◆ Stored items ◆
────────────────

lemma indep_mod_zero_eliminate:
  assumes ind: "indep_mod {\<lambda>_. 0} S" and fin: "finite S" and s0: "s0 \<in> S" "s0 e \<noteq> 0"
  shows "indep_mod {\<lambda>_. 0} (eliminate s0 e ` (S - {s0}))"
  unfolding indep_mod_def
proof (intro allI impI ballI)
  fix a' u
  assume h: "(\<lambda>Q. \<Sum>s\<in>eliminate s0 e ` (S - {s0}). a' s * s Q) \<in> {\<lambda>_. 0}"
    and u: "u \<in> eliminate s0 e ` (S - {s0})"
  define a where "a s = (if s = s0 then - (\<Sum>v\<in>S - {s0}. a' (eliminate s0 e v) * v e)
                         else a' (eliminate s0 e s) * s0 e)" for s
  have "(\<Sum>s\<in>S. a s * s Q) = (\<Sum>s\<in>eliminate s0 e ` (S - {s0}). a' s * s Q)" for Q
  proof -
    have "(\<Sum>s\<in>S. a s * s Q) = a s0 * s0 Q + (\<Sum>s\<in>S - {s0}. a' (eliminate s0 e s) * s0 e * s Q)"
      using s0 fin by (simp add: sum.remove a_def)
    also have "\<dots> = (\<Sum>s\<in>S - {s0}. a' (eliminate s0 e s) * eliminate s0 e s Q)"
      by (simp add: a_def eliminate_def sum_subtractf sum_distrib_right right_diff_distrib
          mult.assoc mult.left_commute)
    also have "\<dots> = (\<Sum>s\<in>eliminate s0 e ` (S - {s0}). a' s * s Q)"
      using inj_on_eliminate[OF ind fin s0] by (simp add: sum.reindex)
    finally show ?thesis .
  qed
  then have "(\<lambda>Q. \<Sum>s\<in>S. a s * s Q) \<in> {\<lambda>_. 0}" using h by simp
  then have "\<forall>s\<in>S. a s = 0" using indep_modD[OF ind] by blast
  moreover obtain v where "v \<in> S - {s0}" "u = eliminate s0 e v" using u by auto
  ultimately show "a' u = 0" using s0 by (auto simp: a_def)
qed

lemma card_indep_le_card_support:
  assumes "finite E"
  shows "finite S \<Longrightarrow> (\<forall>s\<in>S. \<forall>Q. s Q \<noteq> 0 \<longrightarrow> Q \<in> E) \<Longrightarrow> indep_mod {\<lambda>_. 0} S \<Longrightarrow> card S \<le> card E"
  using assms
proof (induction E arbitrary: S rule: finite_induct)
  case empty
  then have "S \<subseteq> {\<lambda>_. 0}" by auto
  moreover have "(\<lambda>_. 0) \<notin> S"
  proof
    assume "(\<lambda>_. 0) \<in> S"
    moreover have "(\<lambda>Q. \<Sum>s\<in>S. 1 * s Q) = (\<lambda>_. 0)" using empty.prems(2) by (auto intro!: sum.neutral)
    ultimately show False using indep_modD[OF empty(3), of "\<lambda>_. 1" "\<lambda>_. 0"] by simp
  qed
  ultimately have "S = {}" by blast
  then show ?case by simp
next
  case (insert e E)
  show ?case
  proof (cases "\<forall>s\<in>S. s e = 0")
    case True
    then have "\<forall>s\<in>S. \<forall>Q. s Q \<noteq> 0 \<longrightarrow> Q \<in> E" using insert.prems(2) by blast
    then have "card S \<le> card E" using insert.IH insert.prems(1,3) by blast
    then show ?thesis using insert by simp
  next
    case False
    then obtain s0 where s0: "s0 \<in> S" "s0 e \<noteq> 0" by auto
    have "\<forall>u\<in>eliminate s0 e ` (S - {s0}). \<forall>Q. u Q \<noteq> 0 \<longrightarrow> Q \<in> E"
    proof (intro ballI allI impI)
      fix u Q assume u: "u \<in> eliminate s0 e ` (S - {s0})" "u Q \<noteq> 0"
      then obtain s where s: "s \<in> S" "u = eliminate s0 e s" by blast
      then have "Q \<noteq> e" "s Q \<noteq> 0 \<or> s0 Q \<noteq> 0" using u(2) by (auto simp: eliminate_def)
      then show "Q \<in> E" using insert.prems(2) s(1) s0(1) by blast
    qed
    then have "card (eliminate s0 e ` (S - {s0})) \<le> card E"
      using insert.IH[OF _ _ indep_mod_zero_eliminate[OF insert.prems(3,1) s0]] insert.prems(1) by blast
    then have "card (S - {s0}) \<le> card E"
      using card_image[OF inj_on_eliminate[OF insert.prems(3,1) s0]] by simp
    then show ?thesis using s0 insert.prems(1) insert.hyps by (simp add: card_Diff_singleton)
  qed
qed

lemma indep_mod_subset:
  assumes ind: "indep_mod B S" and sub: "S' \<subseteq> S" and fin: "finite S"
  shows "indep_mod B S'"
  unfolding indep_mod_def
proof (intro allI impI ballI)
  fix a' s assume rel: "(\<lambda>Q. \<Sum>s\<in>S'. a' s * s Q) \<in> B" and s: "s \<in> S'"
  define a where "a s = (if s \<in> S' then a' s else 0)" for s
  have "(\<lambda>Q. \<Sum>s\<in>S. a s * s Q) = (\<lambda>Q. \<Sum>s\<in>S'. a' s * s Q)"
    using sub fin by (intro ext sum.mono_neutral_cong_right) (auto simp: a_def)
  then have "a s = 0" using indep_modD[OF ind _, of a s] rel s sub by auto
  then show "a' s = 0" using s by (simp add: a_def)
qed
(* Let $\mathcal{H}_{1}$, $\mathcal{H}_{2}$ and $\mathcal{G}$ be three pdCGs such that both $\mathcal{H}_{1}$ and $\mathcal{H}_{2}$ are covered by $\mathcal{G}$ in the model inclusion order or, equivalently, such that $\mathcal{P}(\mathcal{H}_{1})$ and $\mathcal{P}(\mathcal{H}_{2})$ are two neighbouring submodels of $\mathcal{P}(\mathcal{G})$. Then $\mathcal{H}_{1}\preceq_{t}\mathcal{H}_{2}$ if and only if, for a given edge $(i,j)\in\mathbb{E}_{\mathcal{G}}$, $\mathcal{H}_{2}=(V, E_{\mathcal{G}}, \mathbb{L}_{\mathcal{G}}, \mathbb{E}_{\mathcal{G}}\setminus \{(i,j)\})$ and $\mathcal{H}_{1}$ is either $(V, E_{\mathcal{G}}\setminus\{(i,j)\}, \mathbb{L}_{\mathcal{G}}, \mathbb{E}_{\mathcal{G}} \setminus \{(i,j)\})$ or $(V, E_{\mathcal{G}}\setminus\{\tau(i,j)\}, \mathbb{L}_{\mathcal{G}}, \mathbb{E}_{\mathcal{G}} \setminus \{(i,j)\})$. Moreover, in the latter case $\mathcal{H}_{1}$ is covered by $\mathcal{H}_{2}$ in the twin order ($\mathcal{H}_{1}\prec_t\mathcal{H}_{2}$ with no $\mathcal F\in\mathcal P$ such that $\mathcal{H}_{1}\prec_t\mathcal F\prec_t\mathcal{H}_{2}$), whereas in all other cases $\mathcal{H}_{1}$ and $\mathcal{H}_{2}$ are $\preceq_{t}$-incomparable.
   Context: Let $V=\{1,\dots,p\}$ and let $\tau$ be a twin-pairing function on $V$, i.e. $\tau(i)\in V$ with $\tau(\tau(i))=i$ and $\tau(i)\neq i$; it is extended to edges by $\tau(i,j)=(\tau(i),\tau(j))$ (endpoints reordered so the smaller comes first) and to sets elementwise. Fix a partition $(L,R)$ of $V$ with $\tau(L)=R$, numbered so that $L=\{1,\dots,q\}$, $R=\{q+1,\dots,p\}$. Let $F_V=\{(i,j): i,j\in V, i<j\}$, $F_L=\{(i,j)\in F_V: i<\tau(j)\}$, $F_R=\{(i,j)\in F_V: i>\tau(j)\}$. A coloured graph $\mathcal G=(\mathcal V,\mathcal E)$ consists of a partition $\mathcal V$ of $V$ into vertex colour classes and a partition $\mathcal E$ of an edge set $E\subseteq F_V$ into edge colour classes. It is a coloured graph for paired data (pdCG) if every colour class is either atomic (a single element) or twin-pairing (of the form $\{i,\tau(i)\}$ or $\{(i,j),\tau(i,j)\}$ with $(i,j)\neq\tau(i,j)$). The associated RCON model for paired data $\mathcal{P}(\mathcal G)$ is the family of Gaussian distributions whose concentration matrix has zero entries for missing edges and equal entries for vertices or edges in the same colour class; $\mathcal{P}$ denotes the family of all pdCGs on $V$. Every pdCG is equivalently represented by the quadruplet $(V,E,\mathbb L,\mathbb E)$ where $E$ is the union of the edge colour classes, $E_L=E\cap F_L$, $E_R=E\cap F_R$, $\mathbb L=\{i\in L:\{i\}\in\mathcal V\}$ and $\mathbb E=\{(i,j)\in E_L\cap\tau(E_R): \{(i,j)\}\in\mathcal E\}$. The model inclusion order is $\mathcal H\preceq_s\mathcal G$ iff $\mathcal P(\mathcal H)\subseteq\mathcal P(\mathcal G)$, which holds iff the edge set of $\mathcal H$ is contained in that of $\mathcal G$ and every vertex (resp. edge) colour class of $\mathcal H$ is a union of vertex (resp. edge) colour classes of $\mathcal G$; $\mathcal H$ is covered by $\mathcal G$ in this order if $\mathcal H\prec_s\mathcal G$ and no $\mathcal F\in\mathcal P$ satisfies $\mathcal H\prec_s\mathcal F\prec_s\mathcal G$. The twin order is $\mathcal H\preceq_t\mathcal G$ iff $E_{\mathcal H}\subseteq E_{\mathcal G}$, $\mathbb L_{\mathcal H}\subseteq\mathbb L_{\mathcal G}$ and $\mathbb E_{\mathcal H}\subseteq\mathbb E_{\mathcal G}$. The graphs covered by $\mathcal G$ in the model inclusion order are exactly: (i) $(V,E_{\mathcal G},\mathbb L_{\mathcal G}\setminus\{i\},\mathbb E_{\mathcal G})$, $i\in\mathbb L_{\mathcal G}$; (ii) $(V,E_{\mathcal G},\mathbb L_{\mathcal G},\mathbb E_{\mathcal G}\setminus\{(i,j)\})$, $(i,j)\in\mathbb E_{\mathcal G}$; (iii) $(V,E_{\mathcal G}\setminus\{(i,j)\},\mathbb L_{\mathcal G},\mathbb E_{\mathcal G}\setminus\{(i,j)\})$, $(i,j)\in\mathbb E_{\mathcal G}$; (iv) $(V,E_{\mathcal G}\setminus\{\tau(i,j)\},\mathbb L_{\mathcal G},\mathbb E_{\mathcal G}\setminus\{(i,j)\})$, $(i,j)\in\mathbb E_{\mathcal G}$; (v) $(V,E_{\mathcal G}\setminus\{(i,j)\},\mathbb L_{\mathcal G},\mathbb E_{\mathcal G})$ for $(i,j)\in E_{\mathcal G}$ with $\tau(i,j)\notin E_{\mathcal G}$; (vi) $(V,E_{\mathcal G}\setminus\{(i,\tau(i))\},\mathbb L_{\mathcal G},\mathbb E_{\mathcal G})$ for $(i,\tau(i))\in E_{\mathcal G}$; (vii) $(V,E_{\mathcal G}\setminus\{(i,j),\tau(i,j)\},\mathbb L_{\mathcal G},\mathbb E_{\mathcal G})$ for $(i,j),\tau(i,j)\in E_{\mathcal G}$, $(i,j)\neq\tau(i,j)$, $(i,j),\tau(i,j)\notin\mathbb E_{\mathcal G}$. *)

theory Defs
  imports Main
begin

text \<open>Vertices are natural numbers, V = {1..p}; edges are pairs (i,j) with i < j.
  A coloured graph is a pair (vertex colour classes, edge colour classes).\<close>

type_synonym edge = "nat \<times> nat"
type_synonym cgraph = "nat set set \<times> edge set set"

definition Vset :: "nat \<Rightarrow> nat set" where
  "Vset p = {1..p}"

definition twin_pairing :: "nat \<Rightarrow> (nat \<Rightarrow> nat) \<Rightarrow> bool" where
  "twin_pairing p \<tau> \<longleftrightarrow> (\<forall>i\<in>Vset p. \<tau> i \<in> Vset p \<and> \<tau> (\<tau> i) = i \<and> \<tau> i \<noteq> i)"

definition tau_e :: "(nat \<Rightarrow> nat) \<Rightarrow> edge \<Rightarrow> edge" where
  "tau_e \<tau> e = (min (\<tau> (fst e)) (\<tau> (snd e)), max (\<tau> (fst e)) (\<tau> (snd e)))"

definition F_V :: "nat \<Rightarrow> edge set" where
  "F_V p = {(i, j). i \<in> Vset p \<and> j \<in> Vset p \<and> i < j}"

definition F_L :: "nat \<Rightarrow> (nat \<Rightarrow> nat) \<Rightarrow> edge set" where
  "F_L p \<tau> = {(i, j) \<in> F_V p. i < \<tau> j}"

definition F_R :: "nat \<Rightarrow> (nat \<Rightarrow> nat) \<Rightarrow> edge set" where
  "F_R p \<tau> = {(i, j) \<in> F_V p. i > \<tau> j}"

definition is_partition :: "'a set set \<Rightarrow> 'a set \<Rightarrow> bool" where
  "is_partition P A \<longleftrightarrow> {} \<notin> P \<and> \<Union>P = A \<and>
     (\<forall>X\<in>P. \<forall>Y\<in>P. X \<noteq> Y \<longrightarrow> X \<inter> Y = {})"

definition vclasses :: "cgraph \<Rightarrow> nat set set" where
  "vclasses G = fst G"

definition eclasses :: "cgraph \<Rightarrow> edge set set" where
  "eclasses G = snd G"

definition edges :: "cgraph \<Rightarrow> edge set" where
  "edges G = \<Union>(eclasses G)"

definition coloured_graph :: "nat \<Rightarrow> cgraph \<Rightarrow> bool" where
  "coloured_graph p G \<longleftrightarrow> is_partition (vclasses G) (Vset p) \<and>
     is_partition (eclasses G) (edges G) \<and> edges G \<subseteq> F_V p"

definition pdCG :: "nat \<Rightarrow> (nat \<Rightarrow> nat) \<Rightarrow> cgraph \<Rightarrow> bool" where
  "pdCG p \<tau> G \<longleftrightarrow> coloured_graph p G \<and>
     (\<forall>C\<in>vclasses G. (\<exists>i. C = {i}) \<or> (\<exists>i. C = {i, \<tau> i})) \<and>
     (\<forall>C\<in>eclasses G. (\<exists>e. C = {e}) \<or> (\<exists>e. C = {e, tau_e \<tau> e} \<and> e \<noteq> tau_e \<tau> e))"

text \<open>Quadruplet representation (V, E, LL, EE); L = {1..q}.\<close>
definition LL :: "nat \<Rightarrow> cgraph \<Rightarrow> nat set" where
  "LL q G = {i \<in> {1..q}. {i} \<in> vclasses G}"

definition EE :: "nat \<Rightarrow> (nat \<Rightarrow> nat) \<Rightarrow> cgraph \<Rightarrow> edge set" where
  "EE p \<tau> G = {e \<in> (edges G \<inter> F_L p \<tau>) \<inter> tau_e \<tau> ` (edges G \<inter> F_R p \<tau>).
                 {e} \<in> eclasses G}"

definition quad :: "nat \<Rightarrow> nat \<Rightarrow> (nat \<Rightarrow> nat) \<Rightarrow> cgraph \<Rightarrow> edge set \<times> nat set \<times> edge set" where
  "quad p q \<tau> G = (edges G, LL q G, EE p \<tau> G)"

text \<open>Model inclusion order (combinatorial characterisation of P(H) \<subseteq> P(G)).\<close>
definition model_le :: "cgraph \<Rightarrow> cgraph \<Rightarrow> bool" where
  "model_le H G \<longleftrightarrow> edges H \<subseteq> edges G \<and>
     (\<forall>C\<in>vclasses H. \<exists>S\<subseteq>vclasses G. C = \<Union>S) \<and>
     (\<forall>C\<in>eclasses H. \<exists>S\<subseteq>eclasses G. C = \<Union>S)"

definition model_less :: "cgraph \<Rightarrow> cgraph \<Rightarrow> bool" where
  "model_less H G \<longleftrightarrow> model_le H G \<and> H \<noteq> G"

definition covered_s :: "nat \<Rightarrow> (nat \<Rightarrow> nat) \<Rightarrow> cgraph \<Rightarrow> cgraph \<Rightarrow> bool" where
  "covered_s p \<tau> H G \<longleftrightarrow> pdCG p \<tau> H \<and> pdCG p \<tau> G \<and> model_less H G \<and>
     \<not> (\<exists>F. pdCG p \<tau> F \<and> model_less H F \<and> model_less F G)"
text \<open>Off the finitely many singularities both continuations are the explicit products related by
  \<open>zeta_prod_reflect\<close>; at the remaining points equality follows by continuity.\<close>
lemma continuation_isolated_reflect:
  assumes A: "finite A"
    and g: "continuation_isolated (zetaN (log_poly A c)) S g"
    and g': "continuation_isolated (zetaN (log_poly (reflect_exps A) (reflect_coeffs c))) S' g'"
    and z: "z \<notin> S" "- z \<notin> S'"
  shows "g' (- z) = g z * (-1) powr log_poly A c 1"
proof -
  have S: "\<forall>z. \<not> z islimpt S" "g holomorphic_on - S" and S': "\<forall>z. \<not> z islimpt S'" "g' holomorphic_on - S'"
    using g g' unfolding continuation_isolated_def by auto
  have A': "finite (reflect_exps A)" using A by (simp add: reflect_exps_def)
  have off_poles: "g' (- x) = g x * (-1) powr log_poly A c 1" if x: "x \<notin> S" "- x \<notin> S'" "x \<notin> fst ` A" for x
  proof -
    have "g x = zeta_prod A c x"
      using A x by (intro continuation_isolated_unique[OF g _ holomorphic_on_zeta_prod
            zetaN_log_poly_eq_zeta_prod_on_halfplane]) (auto simp: islimpt_finite)
    moreover have "- x \<notin> fst ` reflect_exps A"
      using x(3) unfolding fst_reflect_exps by force
    then have "g' (- x) = zeta_prod (reflect_exps A) (reflect_coeffs c) (- x)"
      using A' x by (intro continuation_isolated_unique[OF g' _ holomorphic_on_zeta_prod
            zetaN_log_poly_eq_zeta_prod_on_halfplane]) (auto simp: islimpt_finite)
    ultimately show ?thesis using zeta_prod_reflect[OF A x(3)] by simp
  qed
  define T where "T = S \<union> uminus ` S'"
  have T: "x \<notin> T \<longleftrightarrow> x \<notin> S \<and> - x \<notin> S'" for x
    by (auto simp: T_def image_iff)
  have "closed T"
    using S(1) S'(1) unfolding T_def by (intro closed_Un closed_negations) (auto simp: closed_limpt)
  then have "eventually (\<lambda>x. x \<in> - T) (at z)"
    using z T by (intro eventually_at_in_open') auto
  moreover have "eventually (\<lambda>x. x \<notin> fst ` A) (at z)"
    using A islimpt_finite islimpt_iff_eventually by blast
  ultimately have "eventually (\<lambda>x. g' (- x) = g x * (-1) powr log_poly A c 1) (at z)"
  proof eventually_elim
    case (elim x)
    then show ?case using T[of x] by (intro off_poles) auto
  qed
  moreover have "isCont g' (- z)"
    by (rule isCont_if_holomorphic_on_Compl[OF S'(2,1) z(2)])
  then have "isCont (\<lambda>x. g' (- x)) z"
    by (rule isCont_o2[rotated]) (intro continuous_intros)
  moreover have "isCont (\<lambda>x. g x * (-1) powr log_poly A c 1) z"
    using isCont_if_holomorphic_on_Compl[OF S(2,1) z(1)] by (intro continuous_intros)
  ultimately show ?thesis by (rule eq_if_eventually_eq_isCont)
qed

────────────────

◆ What the task requires ◆
Copy each line from the data that features the string "lemma".

◆ Exercise answer ◆
lemma indep_mod_zero_eliminate:
lemma card_indep_le_card_support:
lemma indep_mod_subset:
lemma continuation_isolated_reflect:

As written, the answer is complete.